─── Records for processing ───

(* Let $G$ be a $K_4$-minor-free graph, $xx'$ an edge of $G$, and $y,z$ distinct vertices of $G$ not in $\{x,x'\}$. Then at least one of the sets $\{x,y,z\}$ and $\{x',y,z\}$ is feasible.
   Context: $K_4$-minor-free graphs are $3$-colorable. For $n\in\mathbb{N}$, the chain of diamonds $D_n$ is the graph with vertex set $\{u_i,v_i,w_i:i\in[n]\}\cup\{u_0\}$ and edge set $\{u_{i-1}v_i,u_{i-1}w_i,v_iw_i,v_iu_i,w_iu_i: i\in[n]\}$; let $U(D_n)=\{u_0,\dots,u_n\}$. A set $X$ of distinct vertices of $G$ is connected by a chain of diamonds if there exist $n\in\mathbb{N}$ and a graph homomorphism $\varphi:D_n\to G$ with $X\subseteq\varphi(U(D_n))$. A set $X$ of three distinct vertices of $G$ is feasible if $X$ is not connected by a chain of diamonds and there is a proper $3$-coloring $\phi$ of $G$ with $|\phi(X)|\le 2$. *)

theory Defs
  imports Main
begin

definition simple_graph :: "'a set \<Rightarrow> ('a \<Rightarrow> 'a \<Rightarrow> bool) \<Rightarrow> bool" where
  "simple_graph V E \<longleftrightarrow> finite V \<and> (\<forall>u v. E u v \<longrightarrow> u \<in> V \<and> v \<in> V)
     \<and> (\<forall>u v. E u v \<longrightarrow> E v u) \<and> (\<forall>u. \<not> E u u)"

definition connected_set :: "'a set \<Rightarrow> ('a \<Rightarrow> 'a \<Rightarrow> bool) \<Rightarrow> 'a set \<Rightarrow> bool" where
  "connected_set V E B \<longleftrightarrow> B \<noteq> {} \<and> B \<subseteq> V \<and>
     (\<forall>a\<in>B. \<forall>b\<in>B. (\<lambda>u v. u \<in> B \<and> v \<in> B \<and> E u v)\<^sup>*\<^sup>* a b)"

definition has_K4_minor :: "'a set \<Rightarrow> ('a \<Rightarrow> 'a \<Rightarrow> bool) \<Rightarrow> bool" where
  "has_K4_minor V E \<longleftrightarrow> (\<exists>B :: nat \<Rightarrow> 'a set.
     (\<forall>i<4. connected_set V E (B i)) \<and>
     (\<forall>i<4. \<forall>j<4. i \<noteq> j \<longrightarrow> B i \<inter> B j = {}) \<and>
     (\<forall>i<4. \<forall>j<4. i \<noteq> j \<longrightarrow> (\<exists>a\<in>B i. \<exists>b\<in>B j. E a b)))"

definition K4_minor_free :: "'a set \<Rightarrow> ('a \<Rightarrow> 'a \<Rightarrow> bool) \<Rightarrow> bool" where
  "K4_minor_free V E \<longleftrightarrow> \<not> has_K4_minor V E"

text \<open>A graph homomorphism from the chain of diamonds D_n into G, given by the images
u i (i = 0..n), v i, w i (i = 1..n).\<close>
definition diamond_chain_hom ::
  "'a set \<Rightarrow> ('a \<Rightarrow> 'a \<Rightarrow> bool) \<Rightarrow> nat \<Rightarrow> (nat \<Rightarrow> 'a) \<Rightarrow> (nat \<Rightarrow> 'a) \<Rightarrow> (nat \<Rightarrow> 'a) \<Rightarrow> bool" where
  "diamond_chain_hom V E n u v w \<longleftrightarrow>
     (\<forall>i\<in>{0..n}. u i \<in> V) \<and> (\<forall>i\<in>{1..n}. v i \<in> V \<and> w i \<in> V) \<and>
     (\<forall>i\<in>{1..n}. E (u (i - 1)) (v i) \<and> E (u (i - 1)) (w i) \<and> E (v i) (w i)
                  \<and> E (v i) (u i) \<and> E (w i) (u i))"

definition connected_by_diamonds :: "'a set \<Rightarrow> ('a \<Rightarrow> 'a \<Rightarrow> bool) \<Rightarrow> 'a set \<Rightarrow> bool" where
  "connected_by_diamonds V E X \<longleftrightarrow>
     (\<exists>n u v w. diamond_chain_hom V E n u v w \<and> X \<subseteq> u ` {0..n})"

definition proper_3_coloring :: "'a set \<Rightarrow> ('a \<Rightarrow> 'a \<Rightarrow> bool) \<Rightarrow> ('a \<Rightarrow> nat) \<Rightarrow> bool" where
  "proper_3_coloring V E c \<longleftrightarrow> (\<forall>x\<in>V. c x < 3) \<and> (\<forall>x y. E x y \<longrightarrow> c x \<noteq> c y)"

definition feasible :: "'a set \<Rightarrow> ('a \<Rightarrow> 'a \<Rightarrow> bool) \<Rightarrow> 'a set \<Rightarrow> bool" where
  "feasible V E X \<longleftrightarrow> X \<subseteq> V \<and> card X = 3 \<and> \<not> connected_by_diamonds V E X \<and>
     (\<exists>c. proper_3_coloring V E c \<and> card (c ` X) \<le> 2)"

end

theory Submission
  imports Defs
begin

text \<open>
  By Dirac's argument a graph of minimum degree at least 3 has a \<open>K\<^sub>4\<close> minor: a smallest
  counterexample admits a reduction that keeps minimum degree 3, namely deleting an edge between
  two vertices of degree at least 4, contracting an edge, or deleting one vertex of a diamond
  and contracting another. So a \<open>K\<^sub>4\<close>-minor-free graph has a vertex of degree at most 2 and
  is 3-colourable by induction.

  In a proper 3-colouring the two tips of a diamond both receive the colour missing from its
  middle edge, so the image of \<open>U(D\<^sub>n)\<close> under a homomorphism is monochromatic. Fix a
  3-colouring \<open>c\<close>; then \<open>c x \<noteq> c x'\<close>. If \<open>c y = c z\<close>, both triples use at most two colours,
  and they cannot both be connected by diamonds, as that would force \<open>c x = c y = c x'\<close>. If
  \<open>c y \<noteq> c z\<close>, neither triple is connected by diamonds, and since there are only three colours
  one of \<open>c x\<close>, \<open>c x'\<close> lies in \<open>{c y, c z}\<close>.
\<close>

abbreviation degree :: "('a \<Rightarrow> 'a \<Rightarrow> bool) \<Rightarrow> 'a \<Rightarrow> nat" where
  "degree E v \<equiv> card {w. E v w}"

abbreviation edges :: "('a \<Rightarrow> 'a \<Rightarrow> bool) \<Rightarrow> ('a \<times> 'a) set" where
  "edges E \<equiv> {(a, b). E a b}"

lemma simple_graphD:
  assumes "simple_graph V E"
  shows "finite V" "E a b \<Longrightarrow> a \<in> V" "E a b \<Longrightarrow> b \<in> V" "E a b \<Longrightarrow> E b a" "\<not> E a a"
  using assms unfolding simple_graph_def by blast+

lemma finite_neighbours: "simple_graph V E \<Longrightarrow> finite {w. E v w}"
  by (rule finite_subset[of _ V]) (auto dest: simple_graphD)

lemma finite_edges: "simple_graph V E \<Longrightarrow> finite (edges E)"
  by (rule finite_subset[of _ "V \<times> V"]) (auto dest: simple_graphD)

lemma three_le_card:
  assumes "finite S" "{p, q, r} \<subseteq> S" "p \<noteq> q" "p \<noteq> r" "q \<noteq> r"
  shows "3 \<le> card S"
  using card_mono[OF assms(1,2)] assms(3-5) by simp

subsection \<open>Deletion and contraction\<close>

text \<open>Contraction of the edge \<open>uv\<close> onto \<open>u\<close>; the vertex set becomes \<open>V - {v}\<close>.\<close>

definition contract :: "('a \<Rightarrow> 'a \<Rightarrow> bool) \<Rightarrow> 'a \<Rightarrow> 'a \<Rightarrow> 'a \<Rightarrow> 'a \<Rightarrow> bool" where
  "contract E u v a b \<longleftrightarrow>
     a \<noteq> b \<and> a \<noteq> v \<and> b \<noteq> v \<and> (E a b \<or> (a = u \<and> E v b) \<or> (b = u \<and> E a v))"

definition delete_vertex :: "('a \<Rightarrow> 'a \<Rightarrow> bool) \<Rightarrow> 'a \<Rightarrow> 'a \<Rightarrow> 'a \<Rightarrow> bool" where
  "delete_vertex E v a b \<longleftrightarrow> E a b \<and> a \<noteq> v \<and> b \<noteq> v"

definition delete_edge :: "('a \<Rightarrow> 'a \<Rightarrow> bool) \<Rightarrow> 'a \<Rightarrow> 'a \<Rightarrow> 'a \<Rightarrow> 'a \<Rightarrow> bool" where
  "delete_edge E p q a b \<longleftrightarrow> E a b \<and> {a, b} \<noteq> {p, q}"

lemma simple_graph_delete_vertex:
  "simple_graph V E \<Longrightarrow> simple_graph (V - {v}) (delete_vertex E v)"
  unfolding simple_graph_def delete_vertex_def by auto

lemma simple_graph_delete_edge:
  "simple_graph V E \<Longrightarrow> simple_graph V (delete_edge E p q)"
  unfolding simple_graph_def delete_edge_def by (auto simp: insert_commute)

lemma simple_graph_contract:
  "simple_graph V E \<Longrightarrow> E u v \<Longrightarrow> simple_graph (V - {v}) (contract E u v)"
  unfolding simple_graph_def contract_def by blast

───

From the records above, extract exactly and only the lines that begin at the line with "u v a b \<longleftrightarrow>" and stop after the line with "q a b \<longleftrightarrow>".

- _Response to this exercise_
  "contract E u v a b \<longleftrightarrow>
     a \<noteq> b \<and> a \<noteq> v \<and> b \<noteq> v \<and> (E a b \<or> (a = u \<and> E v b) \<or> (b = u \<and> E a v))"

definition delete_vertex :: "('a \<Rightarrow> 'a \<Rightarrow> bool) \<Rightarrow> 'a \<Rightarrow> 'a \<Rightarrow> 'a \<Rightarrow> bool" where
  "delete_vertex E v a b \<longleftrightarrow> E a b \<and> a \<noteq> v \<and> b \<noteq> v"

definition delete_edge :: "('a \<Rightarrow> 'a \<Rightarrow> bool) \<Rightarrow> 'a \<Rightarrow> 'a \<Rightarrow> 'a \<Rightarrow> 'a \<Rightarrow> bool" where
  "delete_edge E p q a b \<longleftrightarrow> E a b \<and> {a, b} \<noteq> {p, q}"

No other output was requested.